Paul Miller (born November 17, 1982) is an American former professional basketball player. A 6'10" center/forward from Jefferson City, Missouri, Miller was an honorable mention All-American player at Wichita State University.

==College career==
After starring at Blair Oaks High School in Jefferson City, Miller played collegiately for coach Mark Turgeon at Wichita State. Three games into his freshman year in 2001, Miller broke his foot and was lost for the season. After a redshirt year spent adding weight, Miller averaged 7.4 points and 4.7 rebounds per game in 2002–03 NCAA Division I men's basketball season and was named to the Missouri Valley Conference (MVC) All-Freshman team. Miller increased his scoring average each of the next three years.

As a senior in 2005–06, Miller led the Shockers to a regular-season MVC championship and an at large berth in the 2006 NCAA Tournament. Once there, the Shockers made the most of their trip, defeating Seton Hall in the first round and upsetting second seeded Tennessee in the second round to advance to the Sweet Sixteen for the fourth time in school history. For the season, Miller averaged 13.1 points and 6.6 rebounds and was named first team All-MVC and MVC Player of the Year. He was later named an honorable mention All-American by the Associated Press.

==Professional career==
Following his college career, Miller was not selected in the 2006 NBA draft.

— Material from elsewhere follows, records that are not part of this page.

theorem mainTheorem13:
  fixes V :: "'a set" and E :: "'a \<Rightarrow> 'a \<Rightarrow> bool" and S K C :: "'a set"
  assumes "SVS V E S K"
    and "clique V E C"
  shows "perfect (branch_vertices V E C) (branch_edge V E C)"
proof -
  interpret svs_graph V E S K
    using assms(1) by (rule svs_graph.intro)
  show ?thesis
  proof (cases "C \<inter> S = {}")
    case True
    then show ?thesis
      using clique_avoiding_S[OF assms(2)] branch_graph_K_perfect by simp
  next
    case False
    then obtain s where "s \<in> C" "s \<in> S"
      by blast
    then show ?thesis
      using no_branch_edge_if_clique_meets_S[OF assms(2)] by (intro edgeless_perfect)
  qed
qed

end
lemma Im_borel_transform:
  assumes "0 < Im z"
  shows "Im (borel_transform M z) = (\<integral>y. poisson_kernel (Im z) (Re z) y \<partial>M)"
proof -
  have "Im (borel_transform M z) = (\<integral>y. Im (1 / (of_real y - z)) \<partial>M)"
    unfolding borel_transform_def using integrable_cauchy_kernel[OF assms] by simp
  also have "\<dots> = (\<integral>y. poisson_kernel (Im z) (Re z) y \<partial>M)"
    by (simp add: poisson_kernel_def Im_divide power2_eq_square algebra_simps)
  finally show ?thesis .
qed

lemma poisson_transform_eq_Im_borel_transform:
  assumes "0 < Im z"
  shows "poisson_transform M z = ennreal (Im (borel_transform M z))"
  unfolding poisson_transform_eq_nn_integral_kernel Im_borel_transform[OF assms]
  using assms by (intro nn_integral_eq_integral integrable_poisson_kernel) (auto simp: poisson_kernel_nonneg)

lemma integrable_cauchy_kernel_square:
  assumes "0 < Im w"
  shows "integrable M (\<lambda>y. 1 / (of_real y - w)\<^sup>2)"
proof (rule integrable_const_bound)
  show "AE y in M. norm (1 / (of_real y - w)\<^sup>2) \<le> 1 / (Im w)\<^sup>2"
    using Im_le_cmod_of_real_minus[of w] assms
    by (auto simp: norm_divide norm_power intro!: frac_le power_mono)
qed measurable

lemma borel_transform_difference_quotient_le:
  assumes w: "0 < Im w" and "z \<noteq> w" and zw: "cmod (z - w) < Im w / 2"
  shows "cmod ((borel_transform M z - borel_transform M w) / (z - w) - (\<integral>y. 1 / (of_real y - w)\<^sup>2 \<partial>M))
    \<le> 2 * measure M (space M) / (Im w)^3 * cmod (z - w)"
proof -
  let ?D = "\<integral>y. 1 / (of_real y - w)\<^sup>2 \<partial>M"
  have "Im w - Im z \<le> cmod (z - w)"
    using abs_Im_le_cmod[of "z - w"] by simp
  then have z: "0 < Im z"
    using zw w by linarith
  have lin: "(\<integral>y. (z - w) / (of_real y - w)\<^sup>2 \<partial>M) = (z - w) * ?D"
    using integral_mult_right_zero[of M "z - w" "\<lambda>y. 1 / (of_real y - w)\<^sup>2"] by simp
  have "integrable M (\<lambda>y. (z - w) / (of_real y - w)\<^sup>2)"
    using integrable_mult_right[OF integrable_cauchy_kernel_square[OF w], of "z - w"] by simp
  then have "borel_transform M z - borel_transform M w - (z - w) * ?D
      = (\<integral>y. 1 / (of_real y - z) - 1 / (of_real y - w) - (z - w) / (of_real y - w)\<^sup>2 \<partial>M)"
    using integrable_cauchy_kernel[OF z] integrable_cauchy_kernel[OF w]
    by (simp add: borel_transform_def Bochner_Integration.integral_diff lin[symmetric])
  also have "cmod \<dots> \<le> 2 / (Im w)^3 * (cmod (z - w))\<^sup>2 * measure M (space M)"
    using w zw by (intro norm_integral_le_const AE_I2 norm_cauchy_kernel_remainder_le) measurable
  finally have bound: "cmod (borel_transform M z - borel_transform M w - (z - w) * ?D)
      \<le> 2 / (Im w)^3 * (cmod (z - w))\<^sup>2 * measure M (space M)" .
  have "(borel_transform M z - borel_transform M w) / (z - w) - ?D
      = (borel_transform M z - borel_transform M w - (z - w) * ?D) / (z - w)"
    using \<open>z \<noteq> w\<close> by (simp add: diff_divide_distrib)
  with bound \<open>z \<noteq> w\<close> show ?thesis
    by (simp add: norm_divide divide_le_eq power2_eq_square mult_ac)
qed

lemma has_field_derivative_borel_transform:
  assumes w: "0 < Im w"
  shows "(borel_transform M has_field_derivative (\<integral>y. 1 / (of_real y - w)\<^sup>2 \<partial>M)) (at w)"
proof -
  let ?D = "\<integral>y. 1 / (of_real y - w)\<^sup>2 \<partial>M"
  let ?C = "2 * measure M (space M) / (Im w)^3"
  have "((\<lambda>z. (borel_transform M z - borel_transform M w) / (z - w) - ?D) \<longlongrightarrow> 0) (at w)"
  proof (rule Lim_null_comparison)
    show "\<forall>\<^sub>F z in at w. cmod ((borel_transform M z - borel_transform M w) / (z - w) - ?D)
        \<le> ?C * cmod (z - w)"
      unfolding eventually_at dist_norm using w borel_transform_difference_quotient_le[OF w]
      by (intro exI[of _ "Im w / 2"]) auto
    show "((\<lambda>z. ?C * cmod (z - w)) \<longlongrightarrow> 0) (at w)"
      by (intro tendsto_eq_intros) auto
  qed
  then show ?thesis
    unfolding has_field_derivative_iff LIM_zero_iff .
qed

lemma holomorphic_on_borel_transform: "borel_transform M holomorphic_on {z. 0 < Im z}"
  using has_field_derivative_borel_transform
  by (subst holomorphic_on_open) (auto simp: open_halfspace_Im_gt)

lemma AE_abs_le_of_even_moments_le:
  assumes int: "\<And>n. integrable M (\<lambda>y. y ^ n)"
    and moments: "\<And>n. (\<integral>y. y ^ (2 * n) \<partial>M) \<le> r ^ (2 * n)"
    and r: "0 \<le> r" "r < R"
  shows "AE y in M. \<bar>y\<bar> \<le> R"
proof -
  let ?S = "{y \<in> space M. R < \<bar>y\<bar>}"
  have R: "0 < R"
    using r by linarith
  have S_le: "measure M ?S \<le> ((r / R)\<^sup>2) ^ n" for n
  proof -
    have "R ^ (2 * n) \<le> y ^ (2 * n)" if "R < \<bar>y\<bar>" for y
    proof -
      have "R ^ (2 * n) \<le> \<bar>y\<bar> ^ (2 * n)"
        using R that by (intro power_mono) auto
      then show ?thesis
        by (simp add: power_even_abs)
    qed
    then have "?S \<subseteq> {y \<in> space M. R ^ (2 * n) \<le> y ^ (2 * n)}"
      by auto
    then have "measure M ?S \<le> measure M {y \<in> space M. R ^ (2 * n) \<le> y ^ (2 * n)}"
      by (intro finite_measure_mono) measurable
    also have "\<dots> \<le> (\<integral>y. y ^ (2 * n) \<partial>M) / R ^ (2 * n)"
      using R by (intro integral_Markov_inequality_measure[OF int sets.empty_sets]) (auto simp: power_mult)
    also have "\<dots> \<le> r ^ (2 * n) / R ^ (2 * n)"
      using R by (intro divide_right_mono moments) auto
    finally show ?thesis
      by (simp add: power_divide power_mult)
  qed
  have "(\<lambda>n. ((r / R)\<^sup>2) ^ n) \<longlonglongrightarrow> 0"
    using r by (intro LIMSEQ_power_zero) (auto simp: abs_square_less_1 divide_less_eq)
  then have "measure M ?S \<le> 0"
    using S_le by (intro LIMSEQ_le_const) auto
  then have "?S \<in> null_sets M"
    by (auto simp: emeasure_eq_measure measure_nonneg antisym)
  then show ?thesis
    by (rule AE_I') auto
qed

end

lemma (in real_distribution) Im_borel_transform_pos:
  assumes z: "0 < Im z"
  shows "0 < Im (borel_transform M z)"
proof -
  have "(\<integral>y. poisson_kernel (Im z) (Re z) y \<partial>M) \<noteq> 0"
  proof
    assume "(\<integral>y. poisson_kernel (Im z) (Re z) y \<partial>M) = 0"
    then have "AE y in M. poisson_kernel (Im z) (Re z) y = 0"
      using z by (subst (asm) integral_nonneg_eq_0_iff_AE)
        (auto simp: integrable_poisson_kernel poisson_kernel_nonneg)
    then have "AE y in M. False"
      by eventually_elim (metis poisson_kernel_pos[OF z] less_irrefl)
    then show False
      by simp
  qed
  then show ?thesis
    using z by (simp add: Im_borel_transform integral_nonneg poisson_kernel_nonneg order_less_le)
qed
(* Normal form bisimilarity is included in contextual equivalence: for all terms $t_0,t_1$ of $\lambda_{\mathcal S}$, if $t_0 \sim t_1$ then $t_0 \simeq_{\mathrm{ctx}} t_1$.
   Context: The calculus $\lambda_{\mathcal S}$ (call-by-value $\lambda$-calculus with shift and reset). Terms: $t ::= x \mid \lambda x.t \mid t\,t \mid \mathcal{S}k.t \mid \langle t\rangle$; values: $v ::= \lambda x.t \mid x$. $\lambda x.t$ binds $x$ in $t$ and $\mathcal{S}k.t$ binds $k$ in $t$; terms are identified up to $\alpha$-conversion; $\mathrm{fv}(t)$ is the set of free variables; $t\{v/x\}$ is capture-avoiding substitution. Pure contexts: $F ::= [\,] \mid v\,F \mid F\,t$. Evaluation contexts: $E ::= [\,] \mid v\,E \mid E\,t \mid \langle E\rangle$. General contexts: $C ::= [\,] \mid \lambda x.C \mid t\,C \mid C\,t \mid \mathcal{S}k.C \mid \langle C\rangle$; $C[t]$ is hole-filling (free variables of $t$ may be captured). Reduction $\to$: $E[(\lambda x.t)\,v] \to E[t\{v/x\}]$; $E[\langle F[\mathcal{S}k.t]\rangle] \to E[\langle t\{\lambda x.\langle F[x]\rangle/k\}\rangle]$ with $x\notin\mathrm{fv}(F)$; $E[\langle v\rangle]\to E[v]$. $\to^*$ is the reflexive-transitive closure, and $t \Downarrow t'$ means $t\to^* t'$ and $t'$ is irreducible. A term is stuck if it is not a value and is irreducible; a normal form is a value or a stuck term. Control stuck terms are those of the form $F[\mathcal{S}k.t]$; open stuck terms are those of the form $E[x\,v]$. A variable is fresh if it does not occur free in the terms/contexts under consideration. Contextual equivalence: $t_0 \simeq_{\mathrm{ctx}} t_1$ iff for every context $C$ such that $C[t_0]$ and $C[t_1]$ are closed, (i) $C[t_0]\Downarrow v_0$ for a value $v_0$ implies $C[t_1]\Downarrow v_1$ for some value $v_1$; (ii) $C[t_0]\Downarrow t_0'$ with $t_0'$ control stuck implies $C[t_1]\Downarrow t_1'$ with $t_1'$ control stuck; and symmetrically with $t_0,t_1$ exchanged. Normal form bisimilarity. Given a relation $\mathcal R$ on terms, extend it to evaluation contexts: $E_0 \mathrel{\mathcal R} E_1$ iff either $E_0 = E_0'[\langle F_0\rangle]$, $E_1 = E_1'[\langle F_1\rangle]$ with $F_0,F_1$ pure, $E_0'[x]\mathrel{\mathcal R}E_1'[x]$ and $\langle F_0[x]\rangle \mathrel{\mathcal R}\langle F_1[x]\rangle$ for a fresh $x$; or $E_0=F_0$, $E_1=F_1$ are pure and $F_0[x]\mathrel{\mathcal R}F_1[x]$ for a fresh $x$. Define $v\mathbin{@}y$ as $x\,y$ if $v=x$ and as $t\{y/x\}$ if $v=\lambda x.t$. Define $\mathcal R^{\mathrm{nf}}$ on normal forms inductively: $v_0 \mathrel{\mathcal R^{\mathrm{nf}}} v_1$ if $v_0\mathbin{@}x \mathrel{\mathcal R} v_1\mathbin{@}x$ for a fresh $x$; $F_0[\mathcal{S}k.t_0] \mathrel{\mathcal R^{\mathrm{nf}}} F_1[\mathcal{S}k.t_1]$ if $F_0\mathrel{\mathcal R}F_1$ and $\langle t_0\rangle\mathrel{\mathcal R}\langle t_1\rangle$; $E_0[x\,v_0]\mathrel{\mathcal R^{\mathrm{nf}}}E_1[x\,v_1]$ if $E_0\mathrel{\mathcal R}E_1$ and $v_0\mathrel{\mathcal R^{\mathrm{nf}}}v_1$. $\mathcal R$ is a normal form simulation if $t_0\mathrel{\mathcal R}t_1$ and $t_0\Downarrow t_0'$ imply $t_1\Downarrow t_1'$ for some $t_1'$ with $t_0'\mathrel{\mathcal R^{\mathrm{nf}}}t_1'$; it is a normal form bisimulation if both $\mathcal R$ and its inverse are normal form simulations. Normal form bisimilarity $\sim$ is the largest normal form bisimulation. *)

theory Defs
  imports Main
begin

He was invited to play for the New York Knicks Summer League team, but did not make the final roster. Miller headed for Germany to play for Eisbären Bremerhaven of the Basketball Bundesliga, where he averaged 4.7 points and 2.3 rebounds per game. The next few years, Miller played in Poland (for Polonia Warbud Warszawa and WTK Anwil Wloclawek), Russia (for BC Triumph Lyubertsy) and Turkey (for Aliağa Petkim and Bandırma Kırmızı). In 2012, he signed with JDA Dijon Basket of France's first division.

==Commentator==
In 2017, Miller served as an analyst for Cox Channel Kansas covering his alma mater.